TASK ITEM
Every line with the string "inner" should be copied from the data.

RECORDS SUPPLIED
lemma alive_moments_killed_walk_Suc:
  fixes k :: nat
  assumes fin: "finite (set_pmf \<beta>)"
  defines "a \<equiv> alive_moment (killed_walk \<beta> k)" and "\<nu> \<equiv> alive_moment \<beta>"
  shows "alive_moment (killed_walk \<beta> (Suc k)) 0 = \<nu> 0 * a 0"
    and "alive_moment (killed_walk \<beta> (Suc k)) 1 = \<nu> 1 * a 0 + \<nu> 0 * a 1"
    and "alive_moment (killed_walk \<beta> (Suc k)) 2 = \<nu> 2 * a 0 + 2 * \<nu> 1 * a 1 + \<nu> 0 * a 2"
proof -
  have inner: "measure_pmf.expectation \<beta> (\<lambda>(b, x). if b then real (t + x) ^ r else 0)
      = c0 * \<nu> 0 + c1 * \<nu> 1 + c2 * \<nu> 2"
    if "\<And>x. real (t + x) ^ r = c0 + c1 * real x + c2 * (real x)\<^sup>2" for t r c0 c1 c2
  proof -
    have "measure_pmf.expectation \<beta> (\<lambda>(b, x). if b then real (t + x) ^ r else 0)
        = measure_pmf.expectation \<beta> (\<lambda>(b, x). if b then c0 + c1 * real x + c2 * (real x)\<^sup>2 else 0)"
      using that by (intro Bochner_Integration.integral_cong) auto
    then show ?thesis
      unfolding \<nu>_def expectation_alive_quadratic[OF fin] .
  qed
  have outer: "alive_moment (killed_walk \<beta> (Suc k)) r = d0 * a 0 + d1 * a 1 + d2 * a 2"
    if "\<And>t. measure_pmf.expectation \<beta> (\<lambda>(b, x). if b then real (t + x) ^ r else 0)
             = d0 + d1 * real t + d2 * (real t)\<^sup>2" for r d0 d1 d2
  proof -
    have "alive_moment (killed_walk \<beta> (Suc k)) r = measure_pmf.expectation (killed_walk \<beta> k)
        (\<lambda>(g, t). if g then measure_pmf.expectation \<beta> (\<lambda>(b, x). if b then real (t + x) ^ r else 0) else 0)"
      unfolding alive_moment_def by (rule expectation_killed_walk_Suc[OF fin])
    also have "\<dots> = measure_pmf.expectation (killed_walk \<beta> k)
        (\<lambda>(g, t). if g then d0 + d1 * real t + d2 * (real t)\<^sup>2 else 0)"
      using that by (intro Bochner_Integration.integral_cong) auto
    finally show ?thesis
      unfolding a_def expectation_alive_quadratic[OF finite_set_pmf_killed_walk[OF fin]] .
  qed
  show "alive_moment (killed_walk \<beta> (Suc k)) 0 = \<nu> 0 * a 0"
    using outer[of 0 "\<nu> 0" 0 0] inner[of _ 0 1 0 0] by simp
  show "alive_moment (killed_walk \<beta> (Suc k)) 1 = \<nu> 1 * a 0 + \<nu> 0 * a 1"
    using outer[of 1 "\<nu> 1" "\<nu> 0" 0] inner[of _ 1 "real _" 1 0] by (simp add: algebra_simps)
  show "alive_moment (killed_walk \<beta> (Suc k)) 2 = \<nu> 2 * a 0 + 2 * \<nu> 1 * a 1 + \<nu> 0 * a 2"
    using outer[of 2 "\<nu> 2" "2 * \<nu> 1" "\<nu> 0"] inner[of _ 2 "(real _)\<^sup>2" "2 * real _" 1]
    by (simp add: algebra_simps power2_eq_square)
qed

lemma alive_moment_killed_walk_0:
  assumes "finite (set_pmf \<beta>)"
  shows "alive_moment (killed_walk \<beta> k) 0 = alive_moment \<beta> 0 ^ k"
proof (induction k)
  case 0
  then show ?case by (simp add: alive_moment_def)
next
  case (Suc k)
  then show ?case using alive_moments_killed_walk_Suc(1)[OF assms] by simp
qed

text \<open>The walk analogue of the additivity of variance over independent summands.\<close>
lemma alive_moments_killed_walk_gap:
  assumes fin: "finite (set_pmf \<beta>)"
  defines "a \<equiv> \<lambda>k. alive_moment (killed_walk \<beta> k)" and "\<nu> \<equiv> alive_moment \<beta>"
  shows "(a k 2 * a k 0 - (a k 1)\<^sup>2) * (\<nu> 0)\<^sup>2 = real k * (a k 0)\<^sup>2 * (\<nu> 0 * \<nu> 2 - (\<nu> 1)\<^sup>2)"
proof (induction k)
  case 0
  then show ?case by (simp add: a_def alive_moment_def)
next
  case (Suc k)
  have gap: "a (Suc k) 2 * a (Suc k) 0 - (a (Suc k) 1)\<^sup>2
      = (\<nu> 0)\<^sup>2 * (a k 2 * a k 0 - (a k 1)\<^sup>2) + (a k 0)\<^sup>2 * (\<nu> 0 * \<nu> 2 - (\<nu> 1)\<^sup>2)"
    unfolding a_def \<nu>_def alive_moments_killed_walk_Suc[OF fin]
    by (simp add: algebra_simps power2_eq_square)
  have a0: "a (Suc k) 0 = \<nu> 0 * a k 0"
    unfolding a_def \<nu>_def by (rule alive_moments_killed_walk_Suc(1)[OF fin])
  have "(a (Suc k) 2 * a (Suc k) 0 - (a (Suc k) 1)\<^sup>2) * (\<nu> 0)\<^sup>2
      = (\<nu> 0)\<^sup>2 * ((a k 2 * a k 0 - (a k 1)\<^sup>2) * (\<nu> 0)\<^sup>2) + (\<nu> 0)\<^sup>2 * (a k 0)\<^sup>2 * (\<nu> 0 * \<nu> 2 - (\<nu> 1)\<^sup>2)"
    unfolding gap by (simp add: algebra_simps)
  also have "\<dots> = real (Suc k) * (a (Suc k) 0)\<^sup>2 * (\<nu> 0 * \<nu> 2 - (\<nu> 1)\<^sup>2)"
    unfolding Suc.IH a0 by (simp add: algebra_simps power2_eq_square)
  finally show ?case .
qed

lemma expectation_killed_walk_square_ge:
  assumes fin: "finite (set_pmf \<beta>)"
  defines "\<nu> \<equiv> alive_moment \<beta>"
  shows "measure_pmf.expectation (killed_walk \<beta> k) (\<lambda>(g, t). if g then (u + real t)\<^sup>2 else 0)
       \<ge> real k * \<nu> 0 ^ k * (\<nu> 2 / \<nu> 0 - (\<nu> 1 / \<nu> 0)\<^sup>2)"
proof -
  define a where "a = alive_moment (killed_walk \<beta> k)"
  have E: "measure_pmf.expectation (killed_walk \<beta> k) (\<lambda>(g, t). if g then (u + real t)\<^sup>2 else 0)
      = u\<^sup>2 * a 0 + 2 * u * a 1 + a 2"
  proof -
    have "measure_pmf.expectation (killed_walk \<beta> k) (\<lambda>(g, t). if g then (u + real t)\<^sup>2 else 0)
        = measure_pmf.expectation (killed_walk \<beta> k)
            (\<lambda>(g, t). if g then u\<^sup>2 + 2 * u * real t + 1 * (real t)\<^sup>2 else 0)"
      by (intro Bochner_Integration.integral_cong) (auto simp: power2_eq_square algebra_simps)
    then show ?thesis
      unfolding a_def expectation_alive_quadratic[OF finite_set_pmf_killed_walk[OF fin]] by simp
  qed
  show ?thesis
  proof (cases "\<nu> 0 = 0")
    case True
    then show ?thesis
      by (simp add: integral_nonneg_AE split_beta)
  next
    case False
    then have \<nu>0: "\<nu> 0 > 0"
      using alive_moment_nonneg[of \<beta>] by (simp add: \<nu>_def)
    have a0: "a 0 = \<nu> 0 ^ k" and a0_pos: "a 0 > 0"
      using alive_moment_killed_walk_0[OF fin] \<nu>0 by (simp_all add: a_def \<nu>_def)
    have "(a 2 * a 0 - (a 1)\<^sup>2) / a 0 = real k * a 0 * (\<nu> 2 / \<nu> 0 - (\<nu> 1 / \<nu> 0)\<^sup>2)"
      using alive_moments_killed_walk_gap[OF fin, of k] \<nu>0 a0_pos
      by (simp add: a_def \<nu>_def field_simps power2_eq_square)
    moreover have "u\<^sup>2 * a 0 + 2 * u * a 1 + a 2 - (a 2 * a 0 - (a 1)\<^sup>2) / a 0 = (u * a 0 + a 1)\<^sup>2 / a 0"
      using a0_pos by (simp add: field_simps power2_eq_square)
    ultimately show ?thesis
      unfolding E a0[symmetric] using a0_pos
      by (smt (verit, best) divide_nonneg_pos zero_le_power2)
  qed
qed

ANSWER FOR THE TASK
  have inner: "measure_pmf.expectation \<beta> (\<lambda>(b, x). if b then real (t + x) ^ r else 0)
    using outer[of 0 "\<nu> 0" 0 0] inner[of _ 0 1 0 0] by simp
    using outer[of 1 "\<nu> 1" "\<nu> 0" 0] inner[of _ 1 "real _" 1 0] by (simp add: algebra_simps)
    using outer[of 2 "\<nu> 2" "2 * \<nu> 1" "\<nu> 0"] inner[of _ 2 "(real _)\<^sup>2" "2 * real _" 1]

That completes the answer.